■ WHAT TO DO
Where a line of the records holds the string "mathrm", copy that line.

(Beginning of DATASET ENTRIES)

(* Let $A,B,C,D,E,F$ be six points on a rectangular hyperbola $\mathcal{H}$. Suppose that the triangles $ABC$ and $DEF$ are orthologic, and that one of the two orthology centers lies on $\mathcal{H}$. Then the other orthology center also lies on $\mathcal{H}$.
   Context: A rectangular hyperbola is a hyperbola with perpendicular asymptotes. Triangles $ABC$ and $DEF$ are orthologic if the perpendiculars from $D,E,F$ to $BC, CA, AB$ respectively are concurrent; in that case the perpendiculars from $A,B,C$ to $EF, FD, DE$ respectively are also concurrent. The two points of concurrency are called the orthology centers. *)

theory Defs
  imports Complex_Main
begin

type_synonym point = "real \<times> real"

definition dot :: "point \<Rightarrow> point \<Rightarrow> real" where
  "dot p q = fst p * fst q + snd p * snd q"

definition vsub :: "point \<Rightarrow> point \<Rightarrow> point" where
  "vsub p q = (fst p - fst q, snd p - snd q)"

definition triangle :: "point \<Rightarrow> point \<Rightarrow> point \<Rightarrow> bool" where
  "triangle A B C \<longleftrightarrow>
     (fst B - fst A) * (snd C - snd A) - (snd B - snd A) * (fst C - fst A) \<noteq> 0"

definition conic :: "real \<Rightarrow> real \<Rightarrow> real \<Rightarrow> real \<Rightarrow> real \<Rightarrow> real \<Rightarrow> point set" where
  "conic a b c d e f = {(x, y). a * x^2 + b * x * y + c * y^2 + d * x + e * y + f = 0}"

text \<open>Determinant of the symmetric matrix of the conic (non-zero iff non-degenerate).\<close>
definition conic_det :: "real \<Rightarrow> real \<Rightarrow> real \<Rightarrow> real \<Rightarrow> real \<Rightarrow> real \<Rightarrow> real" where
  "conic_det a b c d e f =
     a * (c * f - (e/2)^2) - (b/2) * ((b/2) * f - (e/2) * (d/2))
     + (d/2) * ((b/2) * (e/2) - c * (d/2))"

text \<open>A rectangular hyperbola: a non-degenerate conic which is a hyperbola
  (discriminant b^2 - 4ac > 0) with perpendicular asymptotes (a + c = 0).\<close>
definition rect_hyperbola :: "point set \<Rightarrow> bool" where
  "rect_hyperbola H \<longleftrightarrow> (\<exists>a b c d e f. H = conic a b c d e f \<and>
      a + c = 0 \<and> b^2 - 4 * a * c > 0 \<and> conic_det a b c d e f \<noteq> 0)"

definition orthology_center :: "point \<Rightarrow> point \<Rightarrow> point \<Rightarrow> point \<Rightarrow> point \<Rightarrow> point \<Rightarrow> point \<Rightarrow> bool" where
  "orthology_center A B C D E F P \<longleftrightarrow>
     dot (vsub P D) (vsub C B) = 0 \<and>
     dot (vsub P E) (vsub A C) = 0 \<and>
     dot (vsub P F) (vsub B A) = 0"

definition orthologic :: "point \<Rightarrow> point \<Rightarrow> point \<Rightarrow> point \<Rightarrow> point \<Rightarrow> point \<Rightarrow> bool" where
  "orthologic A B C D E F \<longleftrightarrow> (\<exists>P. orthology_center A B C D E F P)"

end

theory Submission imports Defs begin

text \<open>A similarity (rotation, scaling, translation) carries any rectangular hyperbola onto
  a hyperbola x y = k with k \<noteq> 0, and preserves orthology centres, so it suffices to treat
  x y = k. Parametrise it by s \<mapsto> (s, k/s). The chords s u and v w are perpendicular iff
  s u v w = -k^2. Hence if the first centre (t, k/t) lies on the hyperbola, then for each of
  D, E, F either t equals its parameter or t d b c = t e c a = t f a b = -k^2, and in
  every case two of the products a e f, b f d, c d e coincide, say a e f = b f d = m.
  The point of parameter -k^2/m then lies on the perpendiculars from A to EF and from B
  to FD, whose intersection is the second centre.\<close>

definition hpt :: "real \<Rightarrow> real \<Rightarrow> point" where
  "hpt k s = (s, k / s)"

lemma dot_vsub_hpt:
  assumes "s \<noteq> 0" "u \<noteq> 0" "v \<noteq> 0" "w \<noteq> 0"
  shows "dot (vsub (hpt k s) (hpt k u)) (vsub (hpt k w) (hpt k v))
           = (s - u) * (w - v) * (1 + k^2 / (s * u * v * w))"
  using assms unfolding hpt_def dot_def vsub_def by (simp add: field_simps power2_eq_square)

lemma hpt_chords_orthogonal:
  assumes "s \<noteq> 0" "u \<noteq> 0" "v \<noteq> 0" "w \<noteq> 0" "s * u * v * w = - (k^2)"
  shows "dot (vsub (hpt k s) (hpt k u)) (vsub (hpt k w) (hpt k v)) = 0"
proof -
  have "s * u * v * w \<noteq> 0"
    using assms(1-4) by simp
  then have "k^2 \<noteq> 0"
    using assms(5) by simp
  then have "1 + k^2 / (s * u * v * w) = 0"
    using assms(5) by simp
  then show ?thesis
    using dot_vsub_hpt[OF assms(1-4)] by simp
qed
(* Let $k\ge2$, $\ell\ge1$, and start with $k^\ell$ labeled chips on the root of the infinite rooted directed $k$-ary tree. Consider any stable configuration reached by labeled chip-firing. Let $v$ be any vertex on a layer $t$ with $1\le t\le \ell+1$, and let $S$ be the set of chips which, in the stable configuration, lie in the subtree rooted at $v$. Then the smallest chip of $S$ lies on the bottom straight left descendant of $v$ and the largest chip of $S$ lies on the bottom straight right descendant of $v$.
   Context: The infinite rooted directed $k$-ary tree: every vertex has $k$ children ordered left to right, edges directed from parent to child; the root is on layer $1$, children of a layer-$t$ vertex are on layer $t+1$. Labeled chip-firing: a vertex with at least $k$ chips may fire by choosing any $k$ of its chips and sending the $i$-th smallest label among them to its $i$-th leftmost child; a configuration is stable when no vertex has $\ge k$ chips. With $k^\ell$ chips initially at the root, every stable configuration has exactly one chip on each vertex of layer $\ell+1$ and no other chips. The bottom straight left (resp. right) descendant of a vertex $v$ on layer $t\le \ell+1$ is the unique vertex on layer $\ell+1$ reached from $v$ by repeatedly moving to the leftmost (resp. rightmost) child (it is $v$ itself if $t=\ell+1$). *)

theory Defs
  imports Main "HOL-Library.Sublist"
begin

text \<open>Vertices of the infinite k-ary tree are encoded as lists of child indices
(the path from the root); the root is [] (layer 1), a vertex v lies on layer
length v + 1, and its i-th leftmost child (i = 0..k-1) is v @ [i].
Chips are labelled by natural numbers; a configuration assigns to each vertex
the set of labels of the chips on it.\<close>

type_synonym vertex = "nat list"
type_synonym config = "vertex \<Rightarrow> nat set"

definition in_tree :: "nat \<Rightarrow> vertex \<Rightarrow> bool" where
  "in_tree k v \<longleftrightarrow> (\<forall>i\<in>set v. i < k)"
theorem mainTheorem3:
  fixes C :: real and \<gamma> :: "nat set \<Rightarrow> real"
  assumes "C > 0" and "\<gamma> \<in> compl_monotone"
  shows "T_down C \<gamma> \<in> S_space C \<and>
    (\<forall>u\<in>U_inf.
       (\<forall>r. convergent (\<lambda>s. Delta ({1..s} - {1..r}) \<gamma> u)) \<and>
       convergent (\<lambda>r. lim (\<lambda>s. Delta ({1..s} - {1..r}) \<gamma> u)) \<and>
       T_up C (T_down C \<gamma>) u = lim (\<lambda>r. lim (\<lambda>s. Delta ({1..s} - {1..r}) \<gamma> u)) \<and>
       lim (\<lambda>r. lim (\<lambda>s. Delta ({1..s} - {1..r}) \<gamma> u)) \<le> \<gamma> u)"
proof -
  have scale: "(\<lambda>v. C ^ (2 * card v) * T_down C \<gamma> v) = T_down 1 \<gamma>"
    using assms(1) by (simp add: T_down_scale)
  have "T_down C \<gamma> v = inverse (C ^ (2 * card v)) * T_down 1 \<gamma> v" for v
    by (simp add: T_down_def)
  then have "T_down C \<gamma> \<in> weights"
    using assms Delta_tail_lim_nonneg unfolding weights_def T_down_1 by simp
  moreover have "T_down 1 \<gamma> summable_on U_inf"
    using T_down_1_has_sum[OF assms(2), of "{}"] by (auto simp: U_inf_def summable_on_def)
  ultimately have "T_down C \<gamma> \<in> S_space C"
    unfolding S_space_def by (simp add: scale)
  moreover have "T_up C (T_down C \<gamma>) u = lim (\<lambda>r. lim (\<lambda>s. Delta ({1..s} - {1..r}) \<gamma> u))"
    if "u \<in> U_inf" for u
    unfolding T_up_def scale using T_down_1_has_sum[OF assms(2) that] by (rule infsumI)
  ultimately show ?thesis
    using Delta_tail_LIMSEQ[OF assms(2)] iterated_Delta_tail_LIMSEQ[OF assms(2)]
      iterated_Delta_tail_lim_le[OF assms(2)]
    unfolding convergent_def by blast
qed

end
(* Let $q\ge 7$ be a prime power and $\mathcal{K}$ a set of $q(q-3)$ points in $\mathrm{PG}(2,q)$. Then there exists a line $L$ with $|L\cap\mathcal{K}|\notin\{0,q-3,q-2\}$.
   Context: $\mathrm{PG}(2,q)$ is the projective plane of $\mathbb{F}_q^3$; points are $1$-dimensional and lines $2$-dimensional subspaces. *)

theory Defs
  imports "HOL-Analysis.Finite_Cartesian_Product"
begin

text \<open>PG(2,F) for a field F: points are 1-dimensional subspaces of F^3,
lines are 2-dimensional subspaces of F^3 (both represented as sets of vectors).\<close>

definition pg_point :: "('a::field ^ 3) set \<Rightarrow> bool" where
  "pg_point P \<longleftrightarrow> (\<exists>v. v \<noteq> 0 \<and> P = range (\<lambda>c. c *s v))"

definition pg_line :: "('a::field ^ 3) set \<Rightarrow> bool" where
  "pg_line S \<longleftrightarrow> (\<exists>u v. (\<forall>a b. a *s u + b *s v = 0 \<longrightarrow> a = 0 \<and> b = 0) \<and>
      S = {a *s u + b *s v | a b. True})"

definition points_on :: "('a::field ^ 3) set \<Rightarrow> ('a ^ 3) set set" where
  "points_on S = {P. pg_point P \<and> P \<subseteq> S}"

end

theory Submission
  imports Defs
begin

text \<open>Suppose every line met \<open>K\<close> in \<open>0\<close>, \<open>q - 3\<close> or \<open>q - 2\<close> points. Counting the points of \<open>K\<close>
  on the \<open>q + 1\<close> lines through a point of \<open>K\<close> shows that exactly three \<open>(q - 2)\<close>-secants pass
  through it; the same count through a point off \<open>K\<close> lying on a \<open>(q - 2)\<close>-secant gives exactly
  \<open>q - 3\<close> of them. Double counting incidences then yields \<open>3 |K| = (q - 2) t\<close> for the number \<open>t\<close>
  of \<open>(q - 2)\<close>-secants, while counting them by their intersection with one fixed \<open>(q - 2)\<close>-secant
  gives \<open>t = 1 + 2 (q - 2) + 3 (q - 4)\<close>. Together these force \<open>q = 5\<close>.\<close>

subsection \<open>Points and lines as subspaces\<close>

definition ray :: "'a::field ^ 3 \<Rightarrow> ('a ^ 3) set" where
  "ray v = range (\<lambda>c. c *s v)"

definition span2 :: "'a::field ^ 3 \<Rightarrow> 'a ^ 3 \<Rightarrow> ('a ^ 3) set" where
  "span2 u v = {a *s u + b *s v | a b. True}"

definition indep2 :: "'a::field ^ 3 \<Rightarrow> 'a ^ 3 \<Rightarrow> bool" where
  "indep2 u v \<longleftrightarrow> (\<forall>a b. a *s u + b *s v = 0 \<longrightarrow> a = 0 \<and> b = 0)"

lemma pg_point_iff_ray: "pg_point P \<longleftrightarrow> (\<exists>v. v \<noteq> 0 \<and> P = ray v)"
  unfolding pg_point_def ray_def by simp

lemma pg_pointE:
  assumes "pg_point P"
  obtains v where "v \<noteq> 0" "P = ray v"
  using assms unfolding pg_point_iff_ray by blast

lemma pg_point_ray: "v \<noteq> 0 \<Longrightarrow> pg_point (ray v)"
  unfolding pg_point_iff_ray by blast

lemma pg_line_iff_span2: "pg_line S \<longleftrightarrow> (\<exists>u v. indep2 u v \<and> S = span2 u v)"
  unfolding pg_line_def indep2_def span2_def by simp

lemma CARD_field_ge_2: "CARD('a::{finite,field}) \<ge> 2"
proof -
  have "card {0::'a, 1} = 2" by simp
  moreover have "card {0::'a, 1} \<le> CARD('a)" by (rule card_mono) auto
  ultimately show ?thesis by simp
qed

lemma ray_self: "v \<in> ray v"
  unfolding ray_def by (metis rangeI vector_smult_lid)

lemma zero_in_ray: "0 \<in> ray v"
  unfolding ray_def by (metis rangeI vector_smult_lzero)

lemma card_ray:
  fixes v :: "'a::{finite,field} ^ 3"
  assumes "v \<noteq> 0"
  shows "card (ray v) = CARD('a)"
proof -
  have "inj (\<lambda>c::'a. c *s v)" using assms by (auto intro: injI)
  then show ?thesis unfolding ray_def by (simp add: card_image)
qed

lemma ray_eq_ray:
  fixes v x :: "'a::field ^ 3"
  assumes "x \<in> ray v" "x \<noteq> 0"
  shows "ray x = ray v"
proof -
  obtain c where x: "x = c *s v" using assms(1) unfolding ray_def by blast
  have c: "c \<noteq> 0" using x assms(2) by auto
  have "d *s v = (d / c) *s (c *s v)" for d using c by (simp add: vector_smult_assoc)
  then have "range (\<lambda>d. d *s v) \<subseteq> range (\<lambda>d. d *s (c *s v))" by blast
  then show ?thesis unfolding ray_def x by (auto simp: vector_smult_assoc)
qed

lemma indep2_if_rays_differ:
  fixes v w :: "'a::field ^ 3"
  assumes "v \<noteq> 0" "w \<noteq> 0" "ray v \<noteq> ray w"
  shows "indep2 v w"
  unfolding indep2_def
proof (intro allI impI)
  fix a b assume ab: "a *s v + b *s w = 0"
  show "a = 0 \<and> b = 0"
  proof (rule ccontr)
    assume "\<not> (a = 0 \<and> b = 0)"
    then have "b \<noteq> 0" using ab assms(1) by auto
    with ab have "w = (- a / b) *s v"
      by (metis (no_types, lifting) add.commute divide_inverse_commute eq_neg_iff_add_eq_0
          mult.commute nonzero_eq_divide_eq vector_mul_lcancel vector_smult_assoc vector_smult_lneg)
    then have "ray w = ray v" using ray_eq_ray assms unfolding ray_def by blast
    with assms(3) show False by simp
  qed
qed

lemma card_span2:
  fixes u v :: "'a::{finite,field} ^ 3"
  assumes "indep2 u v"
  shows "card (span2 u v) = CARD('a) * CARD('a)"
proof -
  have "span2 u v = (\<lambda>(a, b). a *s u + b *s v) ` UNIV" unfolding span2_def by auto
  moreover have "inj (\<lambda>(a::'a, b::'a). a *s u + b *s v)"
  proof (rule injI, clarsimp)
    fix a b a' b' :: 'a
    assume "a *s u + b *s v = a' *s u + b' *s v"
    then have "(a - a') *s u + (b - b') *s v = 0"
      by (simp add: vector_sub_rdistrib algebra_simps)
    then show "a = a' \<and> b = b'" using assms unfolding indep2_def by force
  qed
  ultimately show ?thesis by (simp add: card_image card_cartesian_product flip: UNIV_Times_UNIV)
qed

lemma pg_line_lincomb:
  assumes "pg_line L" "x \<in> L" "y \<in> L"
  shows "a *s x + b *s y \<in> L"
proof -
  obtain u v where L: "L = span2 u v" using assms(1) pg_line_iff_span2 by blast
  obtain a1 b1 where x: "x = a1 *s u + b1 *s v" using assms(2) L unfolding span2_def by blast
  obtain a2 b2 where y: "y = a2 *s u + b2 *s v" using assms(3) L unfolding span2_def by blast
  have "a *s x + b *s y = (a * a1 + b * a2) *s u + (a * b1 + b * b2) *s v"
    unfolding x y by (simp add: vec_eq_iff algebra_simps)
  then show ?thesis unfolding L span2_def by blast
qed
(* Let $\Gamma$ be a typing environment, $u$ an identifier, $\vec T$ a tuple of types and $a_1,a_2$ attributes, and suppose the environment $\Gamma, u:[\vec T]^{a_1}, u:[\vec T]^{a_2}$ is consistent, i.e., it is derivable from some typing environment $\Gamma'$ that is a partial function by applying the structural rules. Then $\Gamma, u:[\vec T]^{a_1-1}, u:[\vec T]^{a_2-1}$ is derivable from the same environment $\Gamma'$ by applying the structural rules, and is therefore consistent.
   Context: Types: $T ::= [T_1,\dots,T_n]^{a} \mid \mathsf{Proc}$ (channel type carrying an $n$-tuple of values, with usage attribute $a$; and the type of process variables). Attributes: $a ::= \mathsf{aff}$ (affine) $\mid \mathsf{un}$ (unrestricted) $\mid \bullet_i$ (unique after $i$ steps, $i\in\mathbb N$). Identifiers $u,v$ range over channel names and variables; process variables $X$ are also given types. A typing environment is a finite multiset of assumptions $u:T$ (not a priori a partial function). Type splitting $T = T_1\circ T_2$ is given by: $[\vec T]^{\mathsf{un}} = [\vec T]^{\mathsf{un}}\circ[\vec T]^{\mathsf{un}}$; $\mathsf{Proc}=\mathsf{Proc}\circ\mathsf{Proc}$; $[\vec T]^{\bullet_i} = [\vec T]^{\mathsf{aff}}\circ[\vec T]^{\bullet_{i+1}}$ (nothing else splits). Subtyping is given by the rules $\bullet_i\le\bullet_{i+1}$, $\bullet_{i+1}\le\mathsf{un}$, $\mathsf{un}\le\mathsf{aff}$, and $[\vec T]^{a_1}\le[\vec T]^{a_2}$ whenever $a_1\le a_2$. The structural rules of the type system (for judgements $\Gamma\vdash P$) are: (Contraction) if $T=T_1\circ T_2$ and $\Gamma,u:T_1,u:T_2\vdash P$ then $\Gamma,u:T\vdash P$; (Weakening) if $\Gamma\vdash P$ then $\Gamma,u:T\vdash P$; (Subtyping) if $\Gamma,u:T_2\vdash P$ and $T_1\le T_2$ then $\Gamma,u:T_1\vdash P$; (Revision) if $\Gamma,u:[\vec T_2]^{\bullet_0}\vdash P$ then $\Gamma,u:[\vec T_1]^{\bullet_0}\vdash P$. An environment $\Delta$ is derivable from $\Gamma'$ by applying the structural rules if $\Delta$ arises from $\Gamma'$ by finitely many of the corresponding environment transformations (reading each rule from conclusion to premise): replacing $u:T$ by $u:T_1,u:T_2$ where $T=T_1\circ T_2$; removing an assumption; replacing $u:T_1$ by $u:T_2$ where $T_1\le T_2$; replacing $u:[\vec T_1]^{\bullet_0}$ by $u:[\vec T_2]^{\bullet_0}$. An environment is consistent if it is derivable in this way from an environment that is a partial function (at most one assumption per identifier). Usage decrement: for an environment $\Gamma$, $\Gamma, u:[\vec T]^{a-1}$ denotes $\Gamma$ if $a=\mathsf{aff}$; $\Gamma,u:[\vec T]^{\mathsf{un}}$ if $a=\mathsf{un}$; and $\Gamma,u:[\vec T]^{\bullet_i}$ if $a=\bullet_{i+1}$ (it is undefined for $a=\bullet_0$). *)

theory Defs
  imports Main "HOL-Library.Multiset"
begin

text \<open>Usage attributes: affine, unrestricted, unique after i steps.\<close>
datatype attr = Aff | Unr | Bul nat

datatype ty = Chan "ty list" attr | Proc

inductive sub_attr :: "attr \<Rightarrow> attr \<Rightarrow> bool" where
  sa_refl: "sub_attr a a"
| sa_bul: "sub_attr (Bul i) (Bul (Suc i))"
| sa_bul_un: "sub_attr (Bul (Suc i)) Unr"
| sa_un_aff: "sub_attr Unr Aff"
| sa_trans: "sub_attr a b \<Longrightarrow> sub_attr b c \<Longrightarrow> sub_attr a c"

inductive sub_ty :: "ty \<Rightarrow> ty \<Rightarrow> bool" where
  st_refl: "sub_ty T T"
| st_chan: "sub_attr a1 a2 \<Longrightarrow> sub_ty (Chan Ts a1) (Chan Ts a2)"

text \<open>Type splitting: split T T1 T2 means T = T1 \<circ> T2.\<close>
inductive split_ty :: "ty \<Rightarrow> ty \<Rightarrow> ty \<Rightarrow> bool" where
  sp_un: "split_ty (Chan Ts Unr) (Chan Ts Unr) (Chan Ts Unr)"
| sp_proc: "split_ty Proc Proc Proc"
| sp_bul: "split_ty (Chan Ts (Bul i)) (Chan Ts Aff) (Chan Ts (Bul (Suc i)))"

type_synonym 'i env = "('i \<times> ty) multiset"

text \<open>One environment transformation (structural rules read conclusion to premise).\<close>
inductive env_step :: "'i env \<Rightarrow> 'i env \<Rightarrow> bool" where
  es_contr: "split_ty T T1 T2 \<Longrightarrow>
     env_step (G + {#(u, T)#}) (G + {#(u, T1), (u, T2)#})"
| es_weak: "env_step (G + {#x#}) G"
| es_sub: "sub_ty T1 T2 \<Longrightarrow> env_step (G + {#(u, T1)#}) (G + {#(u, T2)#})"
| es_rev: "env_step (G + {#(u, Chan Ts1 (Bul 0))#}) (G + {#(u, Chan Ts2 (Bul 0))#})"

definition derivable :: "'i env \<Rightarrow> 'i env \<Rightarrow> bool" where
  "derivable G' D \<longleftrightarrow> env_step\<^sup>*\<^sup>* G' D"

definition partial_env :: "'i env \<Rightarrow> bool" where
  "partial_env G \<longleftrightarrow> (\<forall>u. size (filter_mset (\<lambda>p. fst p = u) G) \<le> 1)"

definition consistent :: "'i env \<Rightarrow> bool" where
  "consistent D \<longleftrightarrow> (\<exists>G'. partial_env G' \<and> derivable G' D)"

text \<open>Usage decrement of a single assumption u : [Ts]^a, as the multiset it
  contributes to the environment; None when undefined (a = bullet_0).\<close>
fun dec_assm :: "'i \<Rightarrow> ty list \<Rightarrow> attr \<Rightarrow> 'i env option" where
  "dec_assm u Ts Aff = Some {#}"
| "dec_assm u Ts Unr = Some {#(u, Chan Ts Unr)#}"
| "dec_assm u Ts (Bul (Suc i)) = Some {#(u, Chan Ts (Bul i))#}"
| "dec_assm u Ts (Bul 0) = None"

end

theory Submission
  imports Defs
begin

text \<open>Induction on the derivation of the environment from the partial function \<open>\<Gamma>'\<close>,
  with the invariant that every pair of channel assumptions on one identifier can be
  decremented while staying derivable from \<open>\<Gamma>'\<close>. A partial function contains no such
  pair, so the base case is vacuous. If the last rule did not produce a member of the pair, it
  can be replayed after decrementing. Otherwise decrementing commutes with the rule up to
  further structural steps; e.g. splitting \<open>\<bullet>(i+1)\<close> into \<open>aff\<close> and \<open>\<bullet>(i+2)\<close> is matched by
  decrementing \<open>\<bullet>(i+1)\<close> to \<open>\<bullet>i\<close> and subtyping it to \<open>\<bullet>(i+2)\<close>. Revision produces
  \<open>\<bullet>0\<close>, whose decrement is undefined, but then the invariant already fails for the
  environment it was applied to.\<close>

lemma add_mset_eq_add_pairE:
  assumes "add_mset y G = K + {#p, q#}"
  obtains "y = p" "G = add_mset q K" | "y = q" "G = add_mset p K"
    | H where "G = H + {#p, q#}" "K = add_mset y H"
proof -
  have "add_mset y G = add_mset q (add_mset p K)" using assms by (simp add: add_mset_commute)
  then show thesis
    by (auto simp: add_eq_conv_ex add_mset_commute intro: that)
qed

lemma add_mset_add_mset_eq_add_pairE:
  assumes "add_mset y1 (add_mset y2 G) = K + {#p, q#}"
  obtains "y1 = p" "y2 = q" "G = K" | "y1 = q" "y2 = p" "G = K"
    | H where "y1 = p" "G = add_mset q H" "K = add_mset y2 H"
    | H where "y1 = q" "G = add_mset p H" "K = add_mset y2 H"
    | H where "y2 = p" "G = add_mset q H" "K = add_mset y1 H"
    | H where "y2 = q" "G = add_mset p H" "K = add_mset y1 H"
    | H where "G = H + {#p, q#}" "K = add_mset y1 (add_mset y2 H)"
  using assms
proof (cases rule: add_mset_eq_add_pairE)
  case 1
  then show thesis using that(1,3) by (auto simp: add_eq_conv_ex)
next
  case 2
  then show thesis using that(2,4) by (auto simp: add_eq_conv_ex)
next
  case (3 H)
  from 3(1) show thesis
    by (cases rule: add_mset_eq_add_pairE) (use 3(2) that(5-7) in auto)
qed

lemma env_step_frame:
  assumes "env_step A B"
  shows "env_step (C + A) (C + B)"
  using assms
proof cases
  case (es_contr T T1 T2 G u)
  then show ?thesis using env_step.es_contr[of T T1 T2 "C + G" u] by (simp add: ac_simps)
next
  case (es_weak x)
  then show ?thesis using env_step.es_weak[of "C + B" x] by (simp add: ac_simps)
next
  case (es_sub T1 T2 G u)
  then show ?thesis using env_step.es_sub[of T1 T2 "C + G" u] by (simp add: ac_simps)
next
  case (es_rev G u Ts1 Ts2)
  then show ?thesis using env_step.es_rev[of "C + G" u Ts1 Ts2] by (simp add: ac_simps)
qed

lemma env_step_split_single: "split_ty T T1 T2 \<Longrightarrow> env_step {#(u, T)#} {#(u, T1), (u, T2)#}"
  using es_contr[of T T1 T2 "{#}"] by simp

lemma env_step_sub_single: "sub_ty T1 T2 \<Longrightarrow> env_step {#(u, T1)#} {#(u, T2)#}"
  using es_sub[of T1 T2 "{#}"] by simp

(End of DATASET ENTRIES)

■ RESULT OF THIS TASK
(* Let $q\ge 7$ be a prime power and $\mathcal{K}$ a set of $q(q-3)$ points in $\mathrm{PG}(2,q)$. Then there exists a line $L$ with $|L\cap\mathcal{K}|\notin\{0,q-3,q-2\}$.
   Context: $\mathrm{PG}(2,q)$ is the projective plane of $\mathbb{F}_q^3$; points are $1$-dimensional and lines $2$-dimensional subspaces. *)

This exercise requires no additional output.